(Task inputs)
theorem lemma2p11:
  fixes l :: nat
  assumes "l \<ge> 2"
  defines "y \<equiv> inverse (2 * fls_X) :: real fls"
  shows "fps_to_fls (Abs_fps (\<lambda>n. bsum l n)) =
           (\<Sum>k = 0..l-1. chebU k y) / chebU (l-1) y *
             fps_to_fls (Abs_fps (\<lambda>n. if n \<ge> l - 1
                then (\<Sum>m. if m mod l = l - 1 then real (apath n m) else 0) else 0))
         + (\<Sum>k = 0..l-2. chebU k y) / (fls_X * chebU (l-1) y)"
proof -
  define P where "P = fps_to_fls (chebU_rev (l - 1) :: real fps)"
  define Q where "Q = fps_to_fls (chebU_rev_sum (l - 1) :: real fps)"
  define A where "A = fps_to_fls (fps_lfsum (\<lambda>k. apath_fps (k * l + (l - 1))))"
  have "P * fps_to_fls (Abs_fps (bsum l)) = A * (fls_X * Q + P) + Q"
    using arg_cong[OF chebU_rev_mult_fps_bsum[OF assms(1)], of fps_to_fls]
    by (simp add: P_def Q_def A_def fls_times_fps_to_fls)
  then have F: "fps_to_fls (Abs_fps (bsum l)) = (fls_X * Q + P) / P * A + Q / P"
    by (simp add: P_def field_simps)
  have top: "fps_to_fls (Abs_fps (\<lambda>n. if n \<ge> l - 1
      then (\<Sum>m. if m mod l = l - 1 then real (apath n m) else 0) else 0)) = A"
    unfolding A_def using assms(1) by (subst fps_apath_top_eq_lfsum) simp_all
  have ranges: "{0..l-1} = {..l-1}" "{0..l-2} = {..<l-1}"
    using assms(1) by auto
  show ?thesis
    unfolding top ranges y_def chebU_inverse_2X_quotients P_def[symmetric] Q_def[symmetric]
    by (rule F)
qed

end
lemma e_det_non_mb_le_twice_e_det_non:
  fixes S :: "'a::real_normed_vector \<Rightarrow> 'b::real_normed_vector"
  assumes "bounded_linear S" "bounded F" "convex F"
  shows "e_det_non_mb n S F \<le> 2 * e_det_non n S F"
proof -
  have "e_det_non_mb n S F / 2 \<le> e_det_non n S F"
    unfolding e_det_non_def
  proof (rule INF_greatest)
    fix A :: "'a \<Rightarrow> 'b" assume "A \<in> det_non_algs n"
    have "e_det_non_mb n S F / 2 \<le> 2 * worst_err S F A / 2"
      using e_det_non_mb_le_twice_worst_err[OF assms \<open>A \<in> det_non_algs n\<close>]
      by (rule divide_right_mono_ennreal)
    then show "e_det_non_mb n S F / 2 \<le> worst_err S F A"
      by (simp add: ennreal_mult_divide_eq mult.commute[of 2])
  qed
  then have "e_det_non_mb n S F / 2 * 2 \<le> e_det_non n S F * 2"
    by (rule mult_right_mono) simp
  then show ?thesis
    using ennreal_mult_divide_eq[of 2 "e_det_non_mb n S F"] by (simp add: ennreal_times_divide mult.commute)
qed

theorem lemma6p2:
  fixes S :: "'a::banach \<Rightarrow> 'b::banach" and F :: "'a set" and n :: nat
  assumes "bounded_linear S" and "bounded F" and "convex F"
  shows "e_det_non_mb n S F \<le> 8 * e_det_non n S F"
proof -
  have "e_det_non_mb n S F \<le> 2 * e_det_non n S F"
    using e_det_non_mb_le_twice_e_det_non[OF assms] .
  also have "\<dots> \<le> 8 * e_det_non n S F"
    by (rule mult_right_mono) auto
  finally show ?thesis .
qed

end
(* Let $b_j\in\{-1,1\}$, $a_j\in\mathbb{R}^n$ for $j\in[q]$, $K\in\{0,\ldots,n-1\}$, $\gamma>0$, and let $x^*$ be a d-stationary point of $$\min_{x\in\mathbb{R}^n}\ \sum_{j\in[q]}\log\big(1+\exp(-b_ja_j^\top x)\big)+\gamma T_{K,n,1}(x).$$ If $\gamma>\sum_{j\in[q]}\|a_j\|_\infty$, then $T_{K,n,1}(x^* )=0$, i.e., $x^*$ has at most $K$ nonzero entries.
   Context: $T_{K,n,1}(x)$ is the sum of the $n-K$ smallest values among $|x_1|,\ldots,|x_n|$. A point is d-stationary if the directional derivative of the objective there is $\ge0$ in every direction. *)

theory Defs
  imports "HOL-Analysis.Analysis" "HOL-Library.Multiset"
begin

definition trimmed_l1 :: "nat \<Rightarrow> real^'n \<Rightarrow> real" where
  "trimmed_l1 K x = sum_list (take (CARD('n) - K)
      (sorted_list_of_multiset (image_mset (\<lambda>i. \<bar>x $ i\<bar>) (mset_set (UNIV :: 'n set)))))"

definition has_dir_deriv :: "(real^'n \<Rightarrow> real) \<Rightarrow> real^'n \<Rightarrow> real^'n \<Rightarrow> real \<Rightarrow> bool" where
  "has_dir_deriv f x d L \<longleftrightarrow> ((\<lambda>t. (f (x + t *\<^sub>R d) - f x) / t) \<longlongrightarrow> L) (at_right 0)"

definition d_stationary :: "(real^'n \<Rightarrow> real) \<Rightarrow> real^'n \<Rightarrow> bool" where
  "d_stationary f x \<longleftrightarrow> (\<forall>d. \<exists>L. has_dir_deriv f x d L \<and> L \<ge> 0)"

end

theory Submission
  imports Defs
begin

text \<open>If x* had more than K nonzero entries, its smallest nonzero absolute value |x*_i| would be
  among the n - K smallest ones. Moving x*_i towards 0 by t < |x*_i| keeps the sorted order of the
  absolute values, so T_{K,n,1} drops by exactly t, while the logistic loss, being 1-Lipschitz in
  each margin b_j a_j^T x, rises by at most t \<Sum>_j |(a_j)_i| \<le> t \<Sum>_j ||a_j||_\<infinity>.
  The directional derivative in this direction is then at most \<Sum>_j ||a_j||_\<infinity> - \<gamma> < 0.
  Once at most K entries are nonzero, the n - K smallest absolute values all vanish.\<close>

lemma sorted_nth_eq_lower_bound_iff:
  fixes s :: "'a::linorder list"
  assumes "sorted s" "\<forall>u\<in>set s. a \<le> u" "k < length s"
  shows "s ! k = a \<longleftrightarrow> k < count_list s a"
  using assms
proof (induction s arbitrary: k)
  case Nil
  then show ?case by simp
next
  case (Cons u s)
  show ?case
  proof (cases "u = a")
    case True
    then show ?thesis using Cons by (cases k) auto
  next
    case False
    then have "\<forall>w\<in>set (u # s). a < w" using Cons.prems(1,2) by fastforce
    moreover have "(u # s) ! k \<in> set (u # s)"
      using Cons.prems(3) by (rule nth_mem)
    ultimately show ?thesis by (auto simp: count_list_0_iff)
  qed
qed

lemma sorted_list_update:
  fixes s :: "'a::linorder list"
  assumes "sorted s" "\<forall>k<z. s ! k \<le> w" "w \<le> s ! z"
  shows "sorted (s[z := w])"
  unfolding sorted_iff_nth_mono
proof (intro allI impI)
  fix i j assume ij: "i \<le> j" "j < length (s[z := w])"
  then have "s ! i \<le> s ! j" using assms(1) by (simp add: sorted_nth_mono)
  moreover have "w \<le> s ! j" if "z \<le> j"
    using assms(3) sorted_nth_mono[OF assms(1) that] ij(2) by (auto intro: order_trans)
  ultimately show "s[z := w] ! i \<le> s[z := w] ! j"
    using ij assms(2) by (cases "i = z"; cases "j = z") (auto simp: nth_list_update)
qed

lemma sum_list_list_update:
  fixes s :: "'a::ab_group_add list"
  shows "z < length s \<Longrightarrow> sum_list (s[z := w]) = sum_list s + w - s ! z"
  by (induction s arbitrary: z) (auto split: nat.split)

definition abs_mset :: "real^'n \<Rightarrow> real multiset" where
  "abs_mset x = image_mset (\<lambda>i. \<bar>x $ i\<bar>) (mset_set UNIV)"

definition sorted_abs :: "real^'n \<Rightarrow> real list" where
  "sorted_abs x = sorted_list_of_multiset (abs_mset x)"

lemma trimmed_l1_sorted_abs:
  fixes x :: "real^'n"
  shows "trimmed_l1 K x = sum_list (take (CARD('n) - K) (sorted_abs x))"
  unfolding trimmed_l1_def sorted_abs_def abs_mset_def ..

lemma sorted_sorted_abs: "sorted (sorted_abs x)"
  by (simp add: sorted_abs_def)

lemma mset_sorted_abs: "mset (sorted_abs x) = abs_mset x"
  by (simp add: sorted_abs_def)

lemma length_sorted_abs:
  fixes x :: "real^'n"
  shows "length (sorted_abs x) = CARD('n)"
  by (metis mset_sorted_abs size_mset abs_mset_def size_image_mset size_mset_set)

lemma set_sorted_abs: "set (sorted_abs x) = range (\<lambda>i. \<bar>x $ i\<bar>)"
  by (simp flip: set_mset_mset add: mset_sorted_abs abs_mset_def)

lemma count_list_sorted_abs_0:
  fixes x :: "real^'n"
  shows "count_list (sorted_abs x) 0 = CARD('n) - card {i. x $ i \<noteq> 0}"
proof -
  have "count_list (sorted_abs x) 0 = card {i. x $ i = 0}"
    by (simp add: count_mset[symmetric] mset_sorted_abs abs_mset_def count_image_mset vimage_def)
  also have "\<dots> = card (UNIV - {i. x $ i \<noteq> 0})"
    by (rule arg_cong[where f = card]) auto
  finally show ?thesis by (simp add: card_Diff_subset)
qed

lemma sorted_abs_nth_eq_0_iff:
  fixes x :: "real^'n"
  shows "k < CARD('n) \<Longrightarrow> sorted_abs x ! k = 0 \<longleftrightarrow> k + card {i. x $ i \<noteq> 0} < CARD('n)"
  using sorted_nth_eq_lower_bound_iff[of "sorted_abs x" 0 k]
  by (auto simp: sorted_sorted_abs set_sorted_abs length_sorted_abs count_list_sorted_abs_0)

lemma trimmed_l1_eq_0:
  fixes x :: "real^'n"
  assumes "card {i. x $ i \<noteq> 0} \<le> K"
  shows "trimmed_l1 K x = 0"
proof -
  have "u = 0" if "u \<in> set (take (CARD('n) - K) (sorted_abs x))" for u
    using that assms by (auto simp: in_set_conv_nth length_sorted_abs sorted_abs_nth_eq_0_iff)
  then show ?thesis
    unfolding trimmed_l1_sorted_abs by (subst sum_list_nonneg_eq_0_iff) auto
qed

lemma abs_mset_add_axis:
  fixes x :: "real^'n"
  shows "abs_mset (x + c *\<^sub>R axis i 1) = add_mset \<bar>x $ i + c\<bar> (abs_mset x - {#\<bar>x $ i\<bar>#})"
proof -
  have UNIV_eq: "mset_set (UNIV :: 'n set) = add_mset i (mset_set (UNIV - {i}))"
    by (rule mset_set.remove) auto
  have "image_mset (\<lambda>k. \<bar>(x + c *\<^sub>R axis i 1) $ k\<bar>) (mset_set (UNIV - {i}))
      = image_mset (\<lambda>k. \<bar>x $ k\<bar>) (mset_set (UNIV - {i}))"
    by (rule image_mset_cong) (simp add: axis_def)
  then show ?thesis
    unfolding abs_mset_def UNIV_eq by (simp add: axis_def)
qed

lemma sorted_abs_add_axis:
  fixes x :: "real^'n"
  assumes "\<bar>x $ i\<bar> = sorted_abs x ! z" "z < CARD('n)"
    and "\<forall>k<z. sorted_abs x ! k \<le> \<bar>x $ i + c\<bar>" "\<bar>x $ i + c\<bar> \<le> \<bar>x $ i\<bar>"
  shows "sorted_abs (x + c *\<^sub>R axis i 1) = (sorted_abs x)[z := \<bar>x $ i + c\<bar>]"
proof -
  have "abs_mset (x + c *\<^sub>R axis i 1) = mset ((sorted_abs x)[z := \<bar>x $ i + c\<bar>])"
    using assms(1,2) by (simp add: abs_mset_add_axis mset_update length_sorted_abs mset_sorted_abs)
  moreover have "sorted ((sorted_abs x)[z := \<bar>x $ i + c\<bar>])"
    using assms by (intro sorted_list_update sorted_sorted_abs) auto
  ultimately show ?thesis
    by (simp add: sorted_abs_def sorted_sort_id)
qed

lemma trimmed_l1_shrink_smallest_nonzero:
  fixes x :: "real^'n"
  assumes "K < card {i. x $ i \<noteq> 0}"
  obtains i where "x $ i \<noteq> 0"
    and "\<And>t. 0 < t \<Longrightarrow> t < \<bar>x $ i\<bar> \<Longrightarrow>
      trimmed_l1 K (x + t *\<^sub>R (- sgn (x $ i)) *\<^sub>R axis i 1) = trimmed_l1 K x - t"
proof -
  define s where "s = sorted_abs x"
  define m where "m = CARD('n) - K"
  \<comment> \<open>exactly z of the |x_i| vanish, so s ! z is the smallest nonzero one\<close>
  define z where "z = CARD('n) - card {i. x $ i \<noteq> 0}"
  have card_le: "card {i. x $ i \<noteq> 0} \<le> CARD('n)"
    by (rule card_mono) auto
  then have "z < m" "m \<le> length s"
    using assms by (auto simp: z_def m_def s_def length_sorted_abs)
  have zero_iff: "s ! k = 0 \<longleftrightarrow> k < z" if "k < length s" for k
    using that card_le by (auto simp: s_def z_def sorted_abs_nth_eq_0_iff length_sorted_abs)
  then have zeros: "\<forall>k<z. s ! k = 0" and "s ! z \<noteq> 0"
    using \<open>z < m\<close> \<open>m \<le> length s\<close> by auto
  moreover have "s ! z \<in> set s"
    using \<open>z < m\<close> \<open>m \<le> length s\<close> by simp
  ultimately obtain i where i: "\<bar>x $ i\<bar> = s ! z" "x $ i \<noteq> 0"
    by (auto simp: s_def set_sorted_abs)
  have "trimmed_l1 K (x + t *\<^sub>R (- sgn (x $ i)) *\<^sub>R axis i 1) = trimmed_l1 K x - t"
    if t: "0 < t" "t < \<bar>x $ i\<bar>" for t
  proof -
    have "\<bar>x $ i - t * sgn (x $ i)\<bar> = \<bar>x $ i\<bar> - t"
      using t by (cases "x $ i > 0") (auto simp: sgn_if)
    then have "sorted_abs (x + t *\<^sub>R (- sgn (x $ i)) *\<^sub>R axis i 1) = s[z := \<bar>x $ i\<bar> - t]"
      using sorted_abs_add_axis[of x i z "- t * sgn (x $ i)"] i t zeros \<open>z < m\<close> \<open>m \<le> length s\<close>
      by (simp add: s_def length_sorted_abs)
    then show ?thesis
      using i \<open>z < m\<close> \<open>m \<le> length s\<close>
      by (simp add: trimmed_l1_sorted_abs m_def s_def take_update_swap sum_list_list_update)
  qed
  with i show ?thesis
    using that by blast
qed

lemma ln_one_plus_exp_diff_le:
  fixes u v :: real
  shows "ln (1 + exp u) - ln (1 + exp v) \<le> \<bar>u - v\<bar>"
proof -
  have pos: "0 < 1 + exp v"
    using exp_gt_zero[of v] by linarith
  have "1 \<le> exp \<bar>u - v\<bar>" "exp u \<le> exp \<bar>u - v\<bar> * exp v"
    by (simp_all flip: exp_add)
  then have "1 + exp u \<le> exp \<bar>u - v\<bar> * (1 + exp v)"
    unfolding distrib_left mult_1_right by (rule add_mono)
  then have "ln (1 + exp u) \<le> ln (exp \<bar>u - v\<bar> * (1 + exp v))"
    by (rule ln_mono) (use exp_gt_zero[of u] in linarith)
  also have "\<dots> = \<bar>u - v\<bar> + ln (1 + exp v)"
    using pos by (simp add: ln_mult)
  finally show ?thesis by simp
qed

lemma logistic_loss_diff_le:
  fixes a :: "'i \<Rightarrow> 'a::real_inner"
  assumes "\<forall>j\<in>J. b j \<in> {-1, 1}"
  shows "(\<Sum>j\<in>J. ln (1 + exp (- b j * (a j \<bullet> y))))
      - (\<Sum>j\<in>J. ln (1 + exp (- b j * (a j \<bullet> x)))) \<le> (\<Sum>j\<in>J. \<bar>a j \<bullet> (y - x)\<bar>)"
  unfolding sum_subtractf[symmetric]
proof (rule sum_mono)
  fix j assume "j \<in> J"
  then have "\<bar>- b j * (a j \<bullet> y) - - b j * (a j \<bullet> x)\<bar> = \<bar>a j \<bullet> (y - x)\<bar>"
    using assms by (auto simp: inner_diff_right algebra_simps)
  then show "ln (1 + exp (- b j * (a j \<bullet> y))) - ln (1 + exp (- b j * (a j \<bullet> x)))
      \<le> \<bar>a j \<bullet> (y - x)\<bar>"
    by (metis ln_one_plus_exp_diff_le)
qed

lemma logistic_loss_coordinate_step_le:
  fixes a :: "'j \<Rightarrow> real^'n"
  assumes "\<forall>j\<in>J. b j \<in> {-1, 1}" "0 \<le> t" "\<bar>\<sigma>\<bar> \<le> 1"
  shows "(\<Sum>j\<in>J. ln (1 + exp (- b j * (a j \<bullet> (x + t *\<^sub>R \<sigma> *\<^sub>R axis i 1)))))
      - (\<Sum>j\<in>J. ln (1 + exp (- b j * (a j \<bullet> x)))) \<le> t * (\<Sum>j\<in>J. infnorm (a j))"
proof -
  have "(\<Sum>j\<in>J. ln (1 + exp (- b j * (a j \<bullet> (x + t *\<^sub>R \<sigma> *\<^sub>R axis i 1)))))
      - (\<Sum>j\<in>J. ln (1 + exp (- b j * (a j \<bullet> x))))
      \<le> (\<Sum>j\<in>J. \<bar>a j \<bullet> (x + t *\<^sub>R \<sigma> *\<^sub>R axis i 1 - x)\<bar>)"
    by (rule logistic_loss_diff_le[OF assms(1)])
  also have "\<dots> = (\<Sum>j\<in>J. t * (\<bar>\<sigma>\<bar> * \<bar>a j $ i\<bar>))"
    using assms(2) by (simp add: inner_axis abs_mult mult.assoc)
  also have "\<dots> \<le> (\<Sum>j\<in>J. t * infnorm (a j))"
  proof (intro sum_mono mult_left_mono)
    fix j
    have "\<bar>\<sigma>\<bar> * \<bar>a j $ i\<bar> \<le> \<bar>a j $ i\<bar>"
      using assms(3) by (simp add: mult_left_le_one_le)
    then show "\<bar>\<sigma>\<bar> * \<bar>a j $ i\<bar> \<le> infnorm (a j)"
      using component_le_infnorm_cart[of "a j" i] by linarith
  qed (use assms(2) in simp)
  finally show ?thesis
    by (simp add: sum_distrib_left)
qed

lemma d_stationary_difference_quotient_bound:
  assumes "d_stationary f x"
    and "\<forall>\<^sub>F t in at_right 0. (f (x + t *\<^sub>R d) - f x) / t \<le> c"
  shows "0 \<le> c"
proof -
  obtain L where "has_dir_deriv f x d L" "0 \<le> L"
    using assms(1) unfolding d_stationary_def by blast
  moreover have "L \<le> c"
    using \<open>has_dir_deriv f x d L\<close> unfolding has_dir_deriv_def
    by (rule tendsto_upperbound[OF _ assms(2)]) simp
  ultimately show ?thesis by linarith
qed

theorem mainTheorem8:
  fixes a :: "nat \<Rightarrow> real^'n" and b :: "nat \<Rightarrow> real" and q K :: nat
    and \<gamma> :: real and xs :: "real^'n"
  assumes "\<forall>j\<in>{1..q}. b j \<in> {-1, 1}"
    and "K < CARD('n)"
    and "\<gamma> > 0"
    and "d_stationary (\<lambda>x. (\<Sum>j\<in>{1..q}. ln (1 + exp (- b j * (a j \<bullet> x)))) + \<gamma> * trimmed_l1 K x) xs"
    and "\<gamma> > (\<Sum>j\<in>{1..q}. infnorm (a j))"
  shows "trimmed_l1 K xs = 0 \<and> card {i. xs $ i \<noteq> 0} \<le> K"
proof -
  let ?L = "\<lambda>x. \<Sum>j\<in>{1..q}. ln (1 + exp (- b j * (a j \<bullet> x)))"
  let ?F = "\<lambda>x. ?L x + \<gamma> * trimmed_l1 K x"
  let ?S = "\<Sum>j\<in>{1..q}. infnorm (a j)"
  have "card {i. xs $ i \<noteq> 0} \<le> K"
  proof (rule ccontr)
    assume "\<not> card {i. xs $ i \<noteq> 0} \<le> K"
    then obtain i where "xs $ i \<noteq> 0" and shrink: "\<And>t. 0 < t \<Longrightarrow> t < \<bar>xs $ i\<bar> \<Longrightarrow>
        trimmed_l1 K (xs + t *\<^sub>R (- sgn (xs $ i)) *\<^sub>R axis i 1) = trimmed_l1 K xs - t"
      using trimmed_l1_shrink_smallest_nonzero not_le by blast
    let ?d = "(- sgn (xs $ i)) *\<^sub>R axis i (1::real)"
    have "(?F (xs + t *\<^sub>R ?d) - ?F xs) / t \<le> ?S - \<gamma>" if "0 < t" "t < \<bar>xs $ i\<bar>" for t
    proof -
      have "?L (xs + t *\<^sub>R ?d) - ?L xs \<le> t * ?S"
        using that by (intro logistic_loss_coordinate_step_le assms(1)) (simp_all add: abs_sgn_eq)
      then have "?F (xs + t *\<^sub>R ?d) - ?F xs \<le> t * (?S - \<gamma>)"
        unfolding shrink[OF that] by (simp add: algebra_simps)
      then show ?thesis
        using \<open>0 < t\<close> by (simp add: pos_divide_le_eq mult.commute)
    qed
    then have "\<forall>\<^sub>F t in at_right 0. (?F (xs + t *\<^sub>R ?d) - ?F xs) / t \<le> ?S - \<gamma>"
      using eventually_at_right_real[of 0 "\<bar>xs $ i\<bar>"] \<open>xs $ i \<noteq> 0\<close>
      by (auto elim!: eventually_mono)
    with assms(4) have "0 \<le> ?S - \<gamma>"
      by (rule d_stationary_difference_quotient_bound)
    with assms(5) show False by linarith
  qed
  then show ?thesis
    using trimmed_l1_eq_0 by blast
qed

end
(End Task inputs)
** Work order **
Please give back, exactly as it stands above, the stretch from the line with "by (rule mset_set.remove) auto" through the line with "obtains i where", and no line outside it.

** Output of the task **
    by (rule mset_set.remove) auto
  have "image_mset (\<lambda>k. \<bar>(x + c *\<^sub>R axis i 1) $ k\<bar>) (mset_set (UNIV - {i}))
      = image_mset (\<lambda>k. \<bar>x $ k\<bar>) (mset_set (UNIV - {i}))"
    by (rule image_mset_cong) (simp add: axis_def)
  then show ?thesis
    unfolding abs_mset_def UNIV_eq by (simp add: axis_def)
qed

lemma sorted_abs_add_axis:
  fixes x :: "real^'n"
  assumes "\<bar>x $ i\<bar> = sorted_abs x ! z" "z < CARD('n)"
    and "\<forall>k<z. sorted_abs x ! k \<le> \<bar>x $ i + c\<bar>" "\<bar>x $ i + c\<bar> \<le> \<bar>x $ i\<bar>"
  shows "sorted_abs (x + c *\<^sub>R axis i 1) = (sorted_abs x)[z := \<bar>x $ i + c\<bar>]"
proof -
  have "abs_mset (x + c *\<^sub>R axis i 1) = mset ((sorted_abs x)[z := \<bar>x $ i + c\<bar>])"
    using assms(1,2) by (simp add: abs_mset_add_axis mset_update length_sorted_abs mset_sorted_abs)
  moreover have "sorted ((sorted_abs x)[z := \<bar>x $ i + c\<bar>])"
    using assms by (intro sorted_list_update sorted_sorted_abs) auto
  ultimately show ?thesis
    by (simp add: sorted_abs_def sorted_sort_id)
qed

lemma trimmed_l1_shrink_smallest_nonzero:
  fixes x :: "real^'n"
  assumes "K < card {i. x $ i \<noteq> 0}"
  obtains i where "x $ i \<noteq> 0"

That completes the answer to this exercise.